Stored data:
(* In any finite ELP, for any policy $\pi$ (the conjugate policy), $Q^*\in\arg\min_{Q\in\mathcal Q}\max_{\lambda\ge0}\mathcal L_\pi(Q,\lambda)$. Equivalently, $Q^*$ is an optimal solution of the problem: minimize $\mathbb E_\pi[Q(S_T,A_T)]$ over $Q\in\mathcal Q$ subject to $Q(s,a)\ge\mathcal BQ(s,a)$ for all $(s,a)$.
   Context: A finite ELP is $(\mathcal S,\mathcal A,P,R,\rho)$ with finite $\mathcal S,\mathcal A$, reward $R:\mathcal S\to\mathbb R$, transitions $P(s'|s,a)$, distribution $\rho$, and nonempty terminal set $\mathcal S_\bot$. Under a policy $\pi$, $S_0$ is a fixed terminal state, $A_t\sim\pi(\cdot|S_t)$, $S_{t+1}\sim P(\cdot|S_t,A_t)$, and $T=\inf\{t\ge1:S_t\in\mathcal S_\bot\}$. ELP conditions: $\mathbb E_\pi[T]<\infty$ for every $\pi$; $P(s'|s,a)=\rho(s')$ for all $s\in\mathcal S_\bot$, all $a,s'$; every state is reachable under some policy. $\mathcal Q$ = all functions $\mathcal S\times\mathcal A\to\mathbb R$. $\gamma_{\mathrm{epi}}(s)=\mathbf 1[s\notin\mathcal S_\bot]$; the Bellman operator is $\mathcal BQ(s,a)=\sum_{s'}P(s'|s,a)\big(R(s')+\gamma_{\mathrm{epi}}(s')\max_{a'}Q(s',a')\big)$, and $Q^*$ is its unique fixed point. For a policy $\pi$, the Lagrangian is $\mathcal L_\pi(Q,\lambda)=\mathbb E_\pi[Q(S_T,A_T)]+\sum_{s,a}\lambda(s,a)\big(\mathcal BQ(s,a)-Q(s,a)\big)$ for $Q\in\mathcal Q$ and $\lambda:\mathcal S\times\mathcal A\to[0,\infty)$ (written $\lambda\ge0$), where $A_T\sim\pi(\cdot|S_T)$. *)

theory Defs
  imports Complex_Main "HOL-Library.Extended_Real"
begin

text \<open>P s a s' = P(s'|s,a), R : reward, rho : reset distribution, Term : terminal set,
  s0 : the fixed terminal start state. Policies are stochastic maps \<pi> s a = \<pi>(a|s).\<close>

definition is_dist :: "('b::finite \<Rightarrow> real) \<Rightarrow> bool" where
  "is_dist d \<longleftrightarrow> (\<forall>x. d x \<ge> 0) \<and> (\<Sum>x\<in>UNIV. d x) = 1"

definition is_policy :: "('s::finite \<Rightarrow> 'a::finite \<Rightarrow> real) \<Rightarrow> bool" where
  "is_policy \<pi> \<longleftrightarrow> (\<forall>s. is_dist (\<pi> s))"

definition kernel :: "('s::finite \<Rightarrow> 'a::finite \<Rightarrow> 's \<Rightarrow> real) \<Rightarrow> ('s \<Rightarrow> 'a \<Rightarrow> real) \<Rightarrow> 's \<Rightarrow> 's \<Rightarrow> real" where
  "kernel P \<pi> s s' = (\<Sum>a\<in>UNIV. \<pi> s a * P s a s')"

fun state_dist :: "('s::finite \<Rightarrow> 'a::finite \<Rightarrow> 's \<Rightarrow> real) \<Rightarrow> ('s \<Rightarrow> 'a \<Rightarrow> real) \<Rightarrow> 's \<Rightarrow> nat \<Rightarrow> 's \<Rightarrow> real" where
  "state_dist P \<pi> s0 0 s = (if s = s0 then 1 else 0)"
| "state_dist P \<pi> s0 (Suc n) s' = (\<Sum>s\<in>UNIV. state_dist P \<pi> s0 n s * kernel P \<pi> s s')"

text \<open>survive P pi Term s0 n s = Pr(S_n = s and T > n), where T = inf {t \<ge> 1. S_t \<in> Term}.\<close>
fun survive :: "('s::finite \<Rightarrow> 'a::finite \<Rightarrow> 's \<Rightarrow> real) \<Rightarrow> ('s \<Rightarrow> 'a \<Rightarrow> real) \<Rightarrow> 's set \<Rightarrow> 's \<Rightarrow> nat \<Rightarrow> 's \<Rightarrow> real" where
  "survive P \<pi> Term s0 0 s = (if s = s0 then 1 else 0)"
| "survive P \<pi> Term s0 (Suc n) s' =
     (if s' \<in> Term then 0 else (\<Sum>s\<in>UNIV. survive P \<pi> Term s0 n s * kernel P \<pi> s s'))"

text \<open>hit P pi Term s0 n s' = Pr(T = n+1 and S_T = s').\<close>
definition hit :: "('s::finite \<Rightarrow> 'a::finite \<Rightarrow> 's \<Rightarrow> real) \<Rightarrow> ('s \<Rightarrow> 'a \<Rightarrow> real) \<Rightarrow> 's set \<Rightarrow> 's \<Rightarrow> nat \<Rightarrow> 's \<Rightarrow> real" where
  "hit P \<pi> Term s0 n s' =
     (if s' \<in> Term then (\<Sum>s\<in>UNIV. survive P \<pi> Term s0 n s * kernel P \<pi> s s') else 0)"

definition exit_dist :: "('s::finite \<Rightarrow> 'a::finite \<Rightarrow> 's \<Rightarrow> real) \<Rightarrow> ('s \<Rightarrow> 'a \<Rightarrow> real) \<Rightarrow> 's set \<Rightarrow> 's \<Rightarrow> 's \<Rightarrow> real" where
  "exit_dist P \<pi> Term s0 s = (\<Sum>n. hit P \<pi> Term s0 n s)"

text \<open>E_pi[T] < infinity, using E[T] = sum_{n \<ge> 0} Pr(T > n).\<close>
definition finite_expected_T :: "('s::finite \<Rightarrow> 'a::finite \<Rightarrow> 's \<Rightarrow> real) \<Rightarrow> ('s \<Rightarrow> 'a \<Rightarrow> real) \<Rightarrow> 's set \<Rightarrow> 's \<Rightarrow> bool" where
  "finite_expected_T P \<pi> Term s0 \<longleftrightarrow> summable (\<lambda>n. \<Sum>s\<in>UNIV. survive P \<pi> Term s0 n s)"

definition is_ELP :: "('s::finite \<Rightarrow> 'a::finite \<Rightarrow> 's \<Rightarrow> real) \<Rightarrow> ('s \<Rightarrow> real) \<Rightarrow> 's set \<Rightarrow> 's \<Rightarrow> bool" where
  "is_ELP P rho Term s0 \<longleftrightarrow>
     (\<forall>s a. is_dist (P s a)) \<and> is_dist rho \<and> Term \<noteq> {} \<and> s0 \<in> Term \<and>
     (\<forall>\<pi>. is_policy \<pi> \<longrightarrow> finite_expected_T P \<pi> Term s0) \<and>
     (\<forall>s\<in>Term. \<forall>a s'. P s a s' = rho s') \<and>
     (\<forall>s. \<exists>\<pi> n. is_policy \<pi> \<and> state_dist P \<pi> s0 n s > 0)"

definition gamma_epi :: "'s set \<Rightarrow> 's \<Rightarrow> real" where
  "gamma_epi Term s = (if s \<in> Term then 0 else 1)"

definition bellman :: "('s::finite \<Rightarrow> 'a::finite \<Rightarrow> 's \<Rightarrow> real) \<Rightarrow> ('s \<Rightarrow> real) \<Rightarrow> 's set
    \<Rightarrow> ('s \<Rightarrow> 'a \<Rightarrow> real) \<Rightarrow> 's \<Rightarrow> 'a \<Rightarrow> real" where
  "bellman P R Term Q s a =
     (\<Sum>s'\<in>UNIV. P s a s' * (R s' + gamma_epi Term s' * Max (range (Q s'))))"

text \<open>E_pi[Q(S_T, A_T)] with A_T ~ pi(.|S_T).\<close>
definition exit_value :: "('s::finite \<Rightarrow> 'a::finite \<Rightarrow> 's \<Rightarrow> real) \<Rightarrow> ('s \<Rightarrow> 'a \<Rightarrow> real) \<Rightarrow> 's set \<Rightarrow> 's
    \<Rightarrow> ('s \<Rightarrow> 'a \<Rightarrow> real) \<Rightarrow> real" where
  "exit_value P \<pi> Term s0 Q = (\<Sum>s\<in>UNIV. exit_dist P \<pi> Term s0 s * (\<Sum>a\<in>UNIV. \<pi> s a * Q s a))"

definition lagrangian :: "('s::finite \<Rightarrow> 'a::finite \<Rightarrow> 's \<Rightarrow> real) \<Rightarrow> ('s \<Rightarrow> real) \<Rightarrow> 's set \<Rightarrow> 's
    \<Rightarrow> ('s \<Rightarrow> 'a \<Rightarrow> real) \<Rightarrow> ('s \<Rightarrow> 'a \<Rightarrow> real) \<Rightarrow> ('s \<Rightarrow> 'a \<Rightarrow> real) \<Rightarrow> real" where
  "lagrangian P R Term s0 \<pi> Q lam =
     exit_value P \<pi> Term s0 Q + (\<Sum>s\<in>UNIV. \<Sum>a\<in>UNIV. lam s a * (bellman P R Term Q s a - Q s a))"

definition max_lagrangian :: "('s::finite \<Rightarrow> 'a::finite \<Rightarrow> 's \<Rightarrow> real) \<Rightarrow> ('s \<Rightarrow> real) \<Rightarrow> 's set \<Rightarrow> 's
    \<Rightarrow> ('s \<Rightarrow> 'a \<Rightarrow> real) \<Rightarrow> ('s \<Rightarrow> 'a \<Rightarrow> real) \<Rightarrow> ereal" where
  "max_lagrangian P R Term s0 \<pi> Q =
     (SUP lam\<in>{lam. \<forall>s a. lam s a \<ge> 0}. ereal (lagrangian P R Term s0 \<pi> Q lam))"

end

theory Submission
  imports Defs
begin

text \<open>
  The Lagrangian of \<open>Q\<^sup>*\<close> has zero Bellman residual, so its supremum over \<open>\<lambda> \<ge> 0\<close> is
  \<open>E\<^sub>\<pi>[Q\<^sup>*(S\<^sub>T,A\<^sub>T)]\<close>; for an infeasible \<open>Q\<close> the supremum is \<open>\<infinity>\<close>, and for a feasible \<open>Q\<close> it is
  at least \<open>E\<^sub>\<pi>[Q(S\<^sub>T,A\<^sub>T)]\<close>. Everything therefore reduces to \<open>Q\<^sup>* \<le> Q\<close> for every
  \<open>Q \<ge> \<B>Q\<close>. The gap \<open>D = Q - Q\<^sup>*\<close> satisfies \<open>D(s,a) \<ge> \<Sum> P(s'|s,a) \<gamma>(s') D(s', g s')\<close> for a
  greedy selector \<open>g\<close> of \<open>Q\<^sup>*\<close>. If \<open>min D = m < 0\<close>, averaging forces every successor of a
  minimiser to be non-terminal with gap \<open>m\<close> at its greedy action, so the non-terminal states
  with \<open>D(s, g s) = m\<close> form a nonempty set that \<open>g\<close> never leaves. A policy that follows \<open>g\<close>
  there and otherwise reaches that set (every state is reachable, and terminal states reset
  the episode) keeps a fixed positive mass alive forever, contradicting \<open>E[T] < \<infinity>\<close>.
\<close>

lemma is_dist_ex_pos:
  assumes "is_dist d"
  obtains x where "0 < d x"
proof -
  have "\<not> (\<forall>x. d x \<le> 0)"
    using assms sum_nonpos[of UNIV d] unfolding is_dist_def by auto
  then show ?thesis using that by (auto simp: not_le)
qed

lemma is_dist_average_eq_min:
  assumes d: "is_dist d" and ge: "\<And>x. m \<le> f x"
    and avg: "(\<Sum>x\<in>UNIV. d x * f x) \<le> m" and pos: "0 < d x"
  shows "f x = m"
proof -
  have nonneg: "0 \<le> d y * (f y - m)" for y
    using d ge[of y] unfolding is_dist_def by simp
  have "(\<Sum>y\<in>UNIV. d y * (f y - m)) = (\<Sum>y\<in>UNIV. d y * f y) - m * (\<Sum>y\<in>UNIV. d y)"
    by (simp add: algebra_simps sum_subtractf sum_distrib_left)
  also have "\<dots> \<le> 0" using d avg unfolding is_dist_def by simp
  finally have "(\<Sum>y\<in>UNIV. d y * (f y - m)) \<le> 0" .
  then have "(\<Sum>y\<in>UNIV. d y * (f y - m)) = 0"
    using nonneg by (meson antisym sum_nonneg)
  then have "d x * (f x - m) = 0"
    using nonneg by (simp add: sum_nonneg_eq_0_iff)
  then show ?thesis using pos by simp
qed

[TASK PROMPT]
Report, for the data above, every line in which the string "kernel" appears.

[RESPONSE TO THIS TASK]
definition kernel :: "('s::finite \<Rightarrow> 'a::finite \<Rightarrow> 's \<Rightarrow> real) \<Rightarrow> ('s \<Rightarrow> 'a \<Rightarrow> real) \<Rightarrow> 's \<Rightarrow> 's \<Rightarrow> real" where
  "kernel P \<pi> s s' = (\<Sum>a\<in>UNIV. \<pi> s a * P s a s')"
| "state_dist P \<pi> s0 (Suc n) s' = (\<Sum>s\<in>UNIV. state_dist P \<pi> s0 n s * kernel P \<pi> s s')"
     (if s' \<in> Term then 0 else (\<Sum>s\<in>UNIV. survive P \<pi> Term s0 n s * kernel P \<pi> s s'))"
     (if s' \<in> Term then (\<Sum>s\<in>UNIV. survive P \<pi> Term s0 n s * kernel P \<pi> s s') else 0)"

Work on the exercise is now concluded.